Other UNDP Indices — IHDI, GII, GDI
IHDI (Inequality-adjusted HDI) adjusts HDI for inequality within each dimension. Under perfect equality, IHDI equals HDI. India's IHDI drops from 0.644 to about 0.478 (2024 report) — a 25–27% loss, one of the largest among medium-HDI countries, exposing sharp disparities behind average numbers. GDI (Gender Development Index) measures the ratio of female HDI to male HDI. India's GDI stands at about 0.849 (2024) — women's HDI is 15% lower than men's. Lower female LFPR (24.5% per PLFS 2022-23), fewer mean years of schooling, and lower GNI per capita drive this gap. GII (Gender Inequality Index) uses three dimensions: reproductive health (maternal mortality ratio, adolescent birth rate), empowerment (female parliamentary seats, education attainment), and labour market (female LFPR). India ranks 108/170 on GII (2024). MMR fell from 556 (2000) to 97 per 100,000 live births (SRS 2018-20) but stays high. Female parliamentary representation: 14.7% in Lok Sabha (2024, pre-Women's Reservation Act implementation). Global MPI (published by UNDP and OPHI) uses 10 indicators across health, education, and living standards. A person is MPI-poor if deprived in at least one-third of weighted indicators. India's global MPI headcount: ~16.4% (2024 report), down from 27.5% (2019 report) — 140 million people exited multidimensional poverty in 5 years.

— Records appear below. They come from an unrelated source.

(* Let $\mathcal H$ be a finite-dimensional Hilbert space of dimension $d$, and let $\mathscr L\in\mathcal L(\mathcal L(\mathcal H))$ have the minimal presentation $\mathscr L\rho=\Psi\rho-(G\rho+\rho G)-i(H\rho-\rho H)$, with $\Psi$ CP, $G,H$ hermitian, $\mathfrak J\Psi$ supported on the trace-zero operators and $\operatorname{Tr}H=0$. Suppose the semigroup $(e^{t\mathscr L})_{t\ge0}$ is trace non-increasing. Then, with $\langle\cdot\rangle$ denoting the average over the unitary group $U(\mathcal H)$ with respect to normalized Haar measure, $$\big\langle \mathscr L(U)\,U^{-1}\big\rangle=-G-\frac{\operatorname{Tr}G}{d}\,\mathrm{Id}_{\mathcal H}-iH,$$ and consequently $\|G\|\le\|\mathscr L\|$, $\|H\|\le\|\mathscr L\|$ and $\|\Psi\|\le5\|\mathscr L\|$, where $\|G\|,\|H\|$ are operator norms on $\mathcal H$ and $\|\mathscr L\|,\|\Psi\|$ are the norms of these superoperators acting on $\mathcal L(\mathcal H)$ equipped with the operator norm.
   Context: $\mathcal L(\mathcal H)$ carries the Hilbert–Schmidt inner product $\langle A,B\rangle=\operatorname{Tr}A^\dagger B$. CP means: for every $N\ge1$, $\Psi\otimes\mathrm{Id}_{\mathcal L(\mathbb C^N)}$ maps positive semidefinite operators to positive semidefinite operators. The Jamiołkowski transform $\mathfrak J\Psi$ is the operator on $\mathcal L(\mathcal H)$ with $\langle m\overline k,(\mathfrak J\Psi)(n\overline h)\rangle=\langle m\overline n,\Psi(k\overline h)\rangle$ for all $m,n,h,k\in\mathcal H$ ($k\overline h$ is $x\mapsto k\langle h,x\rangle$); "supported on the trace-zero operators" means $\mathfrak J\Psi$ annihilates $\mathrm{Id}_{\mathcal H}$ and has range in $\{A:\operatorname{Tr}A=0\}$. Trace non-increasing means $\operatorname{Tr}e^{t\mathscr L}\rho\le\operatorname{Tr}\rho$ for all $t\ge0$ and positive semidefinite $\rho$. *)

theory Defs
  imports "HOL-Analysis.Analysis" "HOL-Library.Complex_Order"
begin

text \<open>The Hilbert space is \<open>complex ^ 'n\<close> (dimension \<open>d = CARD('n)\<close>) with the standard
inner product; operators are matrices \<open>complex ^ 'n ^ 'n\<close>; superoperators are maps
\<open>complex ^ 'n ^ 'n \<Rightarrow> complex ^ 'n ^ 'n\<close>.\<close>

type_synonym 'n op = "complex ^ ('n::finite) ^ 'n"
type_synonym 'n sop = "('n::finite) op \<Rightarrow> 'n op"

definition cinner :: "complex ^ ('n::finite) \<Rightarrow> complex ^ 'n \<Rightarrow> complex" where
  "cinner x y = (\<Sum>i\<in>UNIV. cnj (x $ i) * y $ i)"

definition adj :: "('n::finite) op \<Rightarrow> 'n op" where
  "adj A = (\<chi> i j. cnj (A $ j $ i))"

definition cscale :: "complex \<Rightarrow> ('n::finite) op \<Rightarrow> 'n op" (infixr "*#" 75) where
  "c *# A = (\<chi> i j. c * A $ i $ j)"

definition tr :: "('n::finite) op \<Rightarrow> complex" where
  "tr A = (\<Sum>i\<in>UNIV. A $ i $ i)"

definition ket_bra :: "complex ^ ('n::finite) \<Rightarrow> complex ^ 'n \<Rightarrow> 'n op" where
  "ket_bra k h = (\<chi> i j. k $ i * cnj (h $ j))"

definition hs :: "('n::finite) op \<Rightarrow> 'n op \<Rightarrow> complex" where
  "hs A B = tr (adj A ** B)"

definition hermitian :: "('n::finite) op \<Rightarrow> bool" where
  "hermitian A \<longleftrightarrow> adj A = A"

definition psd :: "('n::finite) op \<Rightarrow> bool" where
  "psd A \<longleftrightarrow> (\<forall>x. 0 \<le> cinner x (A *v x))"

definition unitary :: "('n::finite) op \<Rightarrow> bool" where
  "unitary U \<longleftrightarrow> adj U ** U = mat 1"

definition clinear_sop :: "('n::finite) sop \<Rightarrow> bool" where
  "clinear_sop L \<longleftrightarrow> (\<forall>A B. L (A + B) = L A + L B) \<and> (\<forall>c A. L (c *# A) = c *# L A)"

text \<open>Positivity of a block operator \<open>\<Sum>_{j,k<N} X j k \<otimes> E_{jk}\<close> on \<open>H \<otimes> \<complex>^N\<close>.\<close>
definition block_psd :: "nat \<Rightarrow> (nat \<Rightarrow> nat \<Rightarrow> ('n::finite) op) \<Rightarrow> bool" where
  "block_psd N X \<longleftrightarrow>
     (\<forall>v :: nat \<Rightarrow> complex ^ 'n. 0 \<le> (\<Sum>j<N. \<Sum>k<N. cinner (v j) (X j k *v v k)))"

text \<open>Complete positivity: \<open>\<Psi> \<otimes> Id_{L(\<complex>^N)}\<close> maps PSD to PSD for every \<open>N \<ge> 1\<close>;
  \<open>(\<Psi> \<otimes> Id)(\<Sum> X_{jk} \<otimes> E_{jk}) = \<Sum> \<Psi>(X_{jk}) \<otimes> E_{jk}\<close>.\<close>
definition completely_positive :: "('n::finite) sop \<Rightarrow> bool" where
  "completely_positive \<Psi> \<longleftrightarrow> clinear_sop \<Psi> \<and>
     (\<forall>N::nat. N \<ge> 1 \<longrightarrow> (\<forall>X. block_psd N X \<longrightarrow> block_psd N (\<lambda>j k. \<Psi> (X j k))))"

definition jam :: "('n::finite) sop \<Rightarrow> 'n sop" where
  "jam \<Psi> = (THE J. clinear_sop J \<and>
     (\<forall>m n h k. hs (ket_bra m k) (J (ket_bra n h)) = hs (ket_bra m n) (\<Psi> (ket_bra k h))))"

definition supported_trace_zero :: "('n::finite) sop \<Rightarrow> bool" where
  "supported_trace_zero J \<longleftrightarrow> J (mat 1) = 0 \<and> (\<forall>A. tr (J A) = 0)"

definition sexp :: "('n::finite) sop \<Rightarrow> 'n sop" where
  "sexp L \<rho> = (\<Sum>k. scaleR (1 / fact k) ((L ^^ k) \<rho>))"

definition trace_nonincreasing :: "('n::finite) sop \<Rightarrow> bool" where
  "trace_nonincreasing L \<longleftrightarrow>
     (\<forall>t::real. t \<ge> 0 \<longrightarrow> (\<forall>\<rho>. psd \<rho> \<longrightarrow> tr (sexp (\<lambda>A. of_real t *# L A) \<rho>) \<le> tr \<rho>))"

definition opnorm :: "('n::finite) op \<Rightarrow> real" where
  "opnorm A = onorm (\<lambda>x. A *v x)"

definition sopnorm :: "('n::finite) sop \<Rightarrow> real" where
  "sopnorm L = (SUP A\<in>{A. opnorm A \<le> 1}. opnorm (L A))"

definition haar :: "('n::finite) op measure \<Rightarrow> bool" where
  "haar \<mu> \<longleftrightarrow> emeasure \<mu> (space \<mu>) = 1 \<and> sets \<mu> = sets borel \<and>
     {U. unitary U} \<in> sets \<mu> \<and> emeasure \<mu> {U. unitary U} = 1 \<and>
     (\<forall>V. unitary V \<longrightarrow> distr \<mu> \<mu> (\<lambda>U. V ** U) = \<mu> \<and> distr \<mu> \<mu> (\<lambda>U. U ** V) = \<mu>)"

end

theory Submission
  imports Defs "HOL-Probability.Probability_Measure"
begin

(* Write E_ij for the matrix units and d for the dimension. Expanding L(U) = sum_ij U_ij L(E_ij)
   gives (L(U) U* )_pq = sum_{r,i,j} L(E_ij)_pr U_ij cnj(U_qr). Invariance of Haar measure under
   sign flips and row swaps yields the second moments  int U_ij cnj(U_kl) = [i = k][j = l] / d,
   so the average M = <L(U) U*> has entries  M_pq = (1/d) sum_r L(E_qr)_pr.  For the minimal
   presentation the Psi-part of this sum is the entry (J Psi)(Id)_pq = 0, and the G- and H-parts
   give  M = - G - (Tr G / d) Id - i H.

   Trace non-increase says that t |-> Re Tr e^(tL) rho has non-positive derivative at 0, i.e.
   Re Tr L(rho) <= 0 for rho >= 0; for rho = |x><x| this is  2 <x, G x> >= Tr Psi(|x><x|) >= 0.
   So G >= 0 and Tr G >= 0, hence |<x, G x>| <= |Re <x, M x>| and <x, H x> = Re <x, i M x>.
   As the norm of a hermitian operator is its numerical radius, ||G||, ||H|| <= ||M||, and
   ||M|| <= ||L|| because ||L(U) U*|| <= ||L|| for unitary U.  Finally
   Psi(rho) = L(rho) + G rho + rho G + i [H, rho] gives ||Psi|| <= ||L|| + 2 ||G|| + 2 ||H||. *)

section \<open>Matrix units and complex-linear superoperators\<close>

definition matrix_unit :: "'n \<Rightarrow> 'n \<Rightarrow> ('n::finite) op" where
  "matrix_unit i j = (\<chi> a b. if a = i \<and> b = j then 1 else 0)"

definition basis_ket :: "'n \<Rightarrow> complex ^ ('n::finite)" where
  "basis_ket i = (\<chi> j. if j = i then 1 else 0)"

lemma matrix_unit_nth [simp]: "matrix_unit i j $ a $ b = (if a = i \<and> b = j then 1 else 0)"
  by (simp add: matrix_unit_def)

Poverty Measurement in India — Historical Evolution
India's poverty measurement has passed through multiple revisions. (1) Planning Commission approach (1962): VM Dandekar and Nilakantha Rath first proposed a calorie-based poverty line. (2) Alagh Committee (1979): Defined the poverty line as the expenditure level meeting minimum calorie requirements — 2,400 kcal/day (rural), 2,100 kcal/day (urban). (3) Lakdawala Committee (1993): Recommended state-specific poverty lines using CPI-IW (urban) and CPI-AL (rural). Poverty ratio 1993-94: 45.3%. Used until 2004-05. (4) Tendulkar Committee (2009): Shifted from calorie norm to consumption expenditure. Set the poverty line at Rs 26/day (rural) and Rs 32/day (urban) for 2009-10. Included private expenditure on health and education. Poverty ratio 2011-12: 21.9% (269 million). Widely criticised as too low — "can anyone survive on Rs 32/day?" became a political flashpoint. (5) Rangarajan Committee (2014): Proposed a higher line — Rs 32/day (rural), Rs 47/day (urban). Used calorie requirement of 2,155 kcal plus protein/fat norms plus non-food expenditure. Estimated poverty at 29.5% (363 million) in 2011-12 — significantly above the Tendulkar figure. The subsequent government did not adopt this methodology. Since 2014 India has not officially updated its poverty line or published official poverty estimates, creating a data gap economists have criticised.
NITI Aayog's National MPI
NITI Aayog released India's first national MPI in 2021 using the Alkire-Foster methodology from OPHI. It covers 12 indicators across 3 dimensions. Health (1/3 weight): nutrition (BMI<18.5 or stunted child), child & adolescent mortality, maternal health, antenatal care. Education (1/3 weight): years of schooling (<6 years), school attendance. Standard of Living (1/3 weight): cooking fuel, sanitation, drinking water, electricity, housing, assets, bank account. A person is MPI-poor if deprived in at least one-third of weighted indicators. Baseline results (2015-16, NFHS-4): 25.01% multidimensionally poor. Intensity of poverty: 47.14%. MPI value: 0.118. State extremes: Bihar (51.91%), Jharkhand (42.16%), UP (37.79%), MP (36.65%) highest. Kerala (0.71%), Goa (3.76%), Sikkim (3.82%) lowest. Updated results (2023, NFHS-5 + HCES 2022-23): poverty fell to 11.28% — 135 million people exited multidimensional poverty between 2015-16 and 2019-21. Largest declines: nutrition deprivation (35.4% to 17.4%), years of schooling (18% to 11.6%), cooking fuel (52.4% to 30.3%). Key contributing programmes: PM Ujjwala Yojana (clean cooking fuel), Swachh Bharat Mission (sanitation), Jal Jeevan Mission (drinking water), PM-KISAN (income support), PMAY (housing).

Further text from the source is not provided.